Bugzilla – Bug 3736
0 TTL domains stuck on SERVFAIL unless manually flushed with serve-expired on
Last modified: 2018-03-13 17:04:41 CET
Config: serve-expired: yes 1) Query comes in for a foo.bar 2) Recursive lookup is performed. TTL is 0. Therefore, foo.bar is not cached ====== Upstream server goes down ====== 3) Query comes in for foo.bar. 4) Recursive lookup returns SERVFAIL. This is cached. ====== Upstream server is back up ====== 5) Query comes in for foo.bar. 6) serve_expired the SERVFAIL. Trigger a prefetch. 7) Upstream returns 0 TTL, therefore the cached SERVFAIL is not overwritten. Client always gets a SERVFAIL unless it is manually flushed from cache.

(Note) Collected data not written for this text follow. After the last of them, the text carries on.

lemma tendsto_phi_series:
  fixes a :: real
  assumes "ln 2 / ln 3 < a" and "F \<noteq> bot"
    and "\<And>i. eventually (\<lambda>c. one_positions a c i = one_positions a c0 i) F"
    and "eventually (\<lambda>c. 0 \<le> c \<and> c \<le> 1) F"
  shows "(phi_series a \<longlongrightarrow> phi_series a c0) F"
proof -
  have lim: "((\<lambda>c. 2 ^ one_positions a c i / 3 ^ (i + 1) :: real)
          \<longlongrightarrow> 2 ^ one_positions a c0 i / 3 ^ (i + 1)) F" for i
    by (rule tendsto_eventually) (rule eventually_mono[OF assms(3)], simp)
  have bound: "\<forall>\<^sub>F (i, c) in at_top \<times>\<^sub>F F.
      norm (2 ^ one_positions a c i / 3 ^ (i + 1) :: real) \<le> (2 powr (1 / a) / 3) ^ (i + 1)"
    using eventually_prodI[OF always_eventually[of "\<lambda>_::nat. True"] assms(4)]
    by (rule eventually_mono)
       (use phi_series_term_le[OF pos_if_gt_ln2_div_ln3[OF assms(1)]] in auto)
  from tannerys_theorem[OF lim bound summable_phi_series_bound[OF assms(1)] assms(2)]
  show ?thesis unfolding phi_series_def by simp
qed

lemma phi_series_tendsto_at_right_0:
  fixes a :: real
  assumes "ln 2 / ln 3 < a"
  shows "(phi_series a \<longlongrightarrow> phi_series a 0) (at_right 0)"
proof (rule tendsto_phi_series[OF assms])
  have "0 < a" using pos_if_gt_ln2_div_ln3[OF assms] .
  fix i
  have "((\<lambda>c. (real i + c) / a) \<longlongrightarrow> real i / a) (at_right 0)"
    using \<open>0 < a\<close> by (auto intro!: tendsto_eq_intros)
  then have "\<forall>\<^sub>F c in at_right 0. (real i + c) / a < of_int (\<lfloor>real i / a\<rfloor> + 1)"
    by (rule order_tendstoD) linarith
  with eventually_at_right_less[of 0]
  show "\<forall>\<^sub>F c in at_right 0. one_positions a c i = one_positions a 0 i"
  proof eventually_elim
    case (elim c)
    have "real i / a \<le> (real i + c) / a" using elim \<open>0 < a\<close> by (simp add: divide_right_mono)
    with elim have "\<lfloor>(real i + c) / a\<rfloor> = \<lfloor>real i / a\<rfloor>"
      by (intro floor_unique order.trans[OF of_int_floor_le]) auto
    then show ?case unfolding one_positions_def by simp
  qed
next
  show "\<forall>\<^sub>F c in at_right 0. 0 \<le> c \<and> c \<le> (1::real)"
    unfolding eventually_at_right_field by (intro exI[of _ 1]) auto
qed simp

lemma phi_series_tendsto_at_left_1:
  fixes a :: real
  assumes "a \<notin> \<rat>" and "ln 2 / ln 3 < a"
  shows "(phi_series a \<longlongrightarrow> phi_series a 1) (at_left 1)"
proof (rule tendsto_phi_series[OF assms(2)])
  have "0 < a" using pos_if_gt_ln2_div_ln3[OF assms(2)] .
  fix i
  have "(real i + 1) / a \<notin> \<int>"
  proof
    assume "(real i + 1) / a \<in> \<int>"
    then have "(real i + 1) / a \<in> \<rat>" using Ints_subset_Rats by blast
    have "a = (real i + 1) / ((real i + 1) / a)" using \<open>0 < a\<close> by (simp add: field_simps)
    also have "\<dots> \<in> \<rat>" by (rule Rats_divide[OF _ \<open>(real i + 1) / a \<in> \<rat>\<close>]) simp
    finally show False using assms(1) by simp
  qed
  moreover have "((\<lambda>c. (real i + c) / a) \<longlongrightarrow> (real i + 1) / a) (at_left 1)"
    using \<open>0 < a\<close> by (auto intro!: tendsto_eq_intros)
  ultimately show "\<forall>\<^sub>F c in at_left 1. one_positions a c i = one_positions a 1 i"
    unfolding one_positions_def using eventually_floor_eq by (metis (mono_tags, lifting) eventually_mono)
next
  show "\<forall>\<^sub>F c in at_left 1. 0 \<le> c \<and> c \<le> (1::real)"
    unfolding eventually_at_left_field by (intro exI[of _ 0]) auto
qed simp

Hi Saksham, Yes, I saw your email. The fix is much more complicated than you suggest, and I am in the middle of the 1.7.0 release. Thanks for the report, it looks like a subtle problem with caching. Best regards, Wouter
Hi Saksham, This patch probably solves the problem, Best regards, Wouter Index: services/cache/dns.c =================================================================== --- services/cache/dns.c (revision 4579) +++ services/cache/dns.c (working copy) @@ -108,6 +108,48 @@ } } +/** delete message from message cache */ +static void +msg_cache_remove(struct module_env* env, uint8_t* qname, size_t qnamelen, + uint16_t qtype, uint16_t qclass, uint16_t flags) +{ + struct query_info k; + hashvalue_type h; + + k.qname = qname; + k.qname_len = qnamelen; + k.qtype = qtype; + k.qclass = qclass; + k.local_alias = NULL; + h = query_info_hash(&k, flags); + slabhash_remove(env->msg_cache, h, &k); +} + +/** remove servfail msg cache entry */ +static void +msg_del_servfail(struct module_env* env, struct query_info* qinfo, + uint32_t flags) +{ + struct msgreply_entry* e; + /* see if the entry is servfail, and then remove it, so that + * lookups move from the cacheresponse stage to the recursionresponse + * stage */ + e = msg_cache_lookup(env, qinfo->qname, qinfo->qname_len, + qinfo->qtype, qinfo->qclass, flags, *env->now, 0); + if(!e) return; + /* we don't check for the ttl here, also expired servfail entries + * are removed. If the user uses serve-expired, they would still be + * used to answer from cache */ + if(FLAGS_GET_RCODE(((struct reply_info*)e->entry.data)->flags) + != LDNS_RCODE_SERVFAIL) { + lock_rw_unlock(&e->entry.lock); + return; + } + lock_rw_unlock(&e->entry.lock); + msg_cache_remove(env, qinfo->qname, qinfo->qname_len, qinfo->qtype, + qinfo->qclass, flags); +} + void dns_cache_store_msg(struct module_env* env, struct query_info* qinfo, hashvalue_type hash, struct reply_info* rep, time_t leeway, int pside, @@ -132,6 +174,12 @@ * which could be useful for delegation information */ verbose(VERB_ALGO, "TTL 0: dropped msg from cache"); free(rep); + /* if the message is SERVFAIL in cache, remove that SERVFAIL, + * so that the TTL 0 response can be returned for future + * responses (i.e. don't get answered by the servfail from + * cache, but instead go to recursion to get this TTL0 + * response). */ + msg_del_servfail(env, qinfo, flags); return; }
Hi Saksham, The issue is solved, with the change below. Thanks for the report! What it does is that it removes SERVFAIL responses from cache when storing a 0TTL response. This will also cause 0TTL responses to be available when serve-expired is not in use when they are blocked by a SERVFAIL response in cache, although that normally would timeout in a couple seconds, with the fix the 0TTL response is available immediately after the 0TTL response has the cachestore routine called. Best regards, Wouter Index: services/cache/dns.c =================================================================== --- services/cache/dns.c (revision 4582) +++ services/cache/dns.c (working copy) @@ -135,7 +135,7 @@ * lookups move from the cacheresponse stage to the recursionresponse * stage */ e = msg_cache_lookup(env, qinfo->qname, qinfo->qname_len, - qinfo->qtype, qinfo->qclass, flags, *env->now, 0); + qinfo->qtype, qinfo->qclass, flags, 0, 0); if(!e) return; /* we don't check for the ttl here, also expired servfail entries * are removed. If the user uses serve-expired, they would still be
Thanks for the quick turnaround! Verified fix.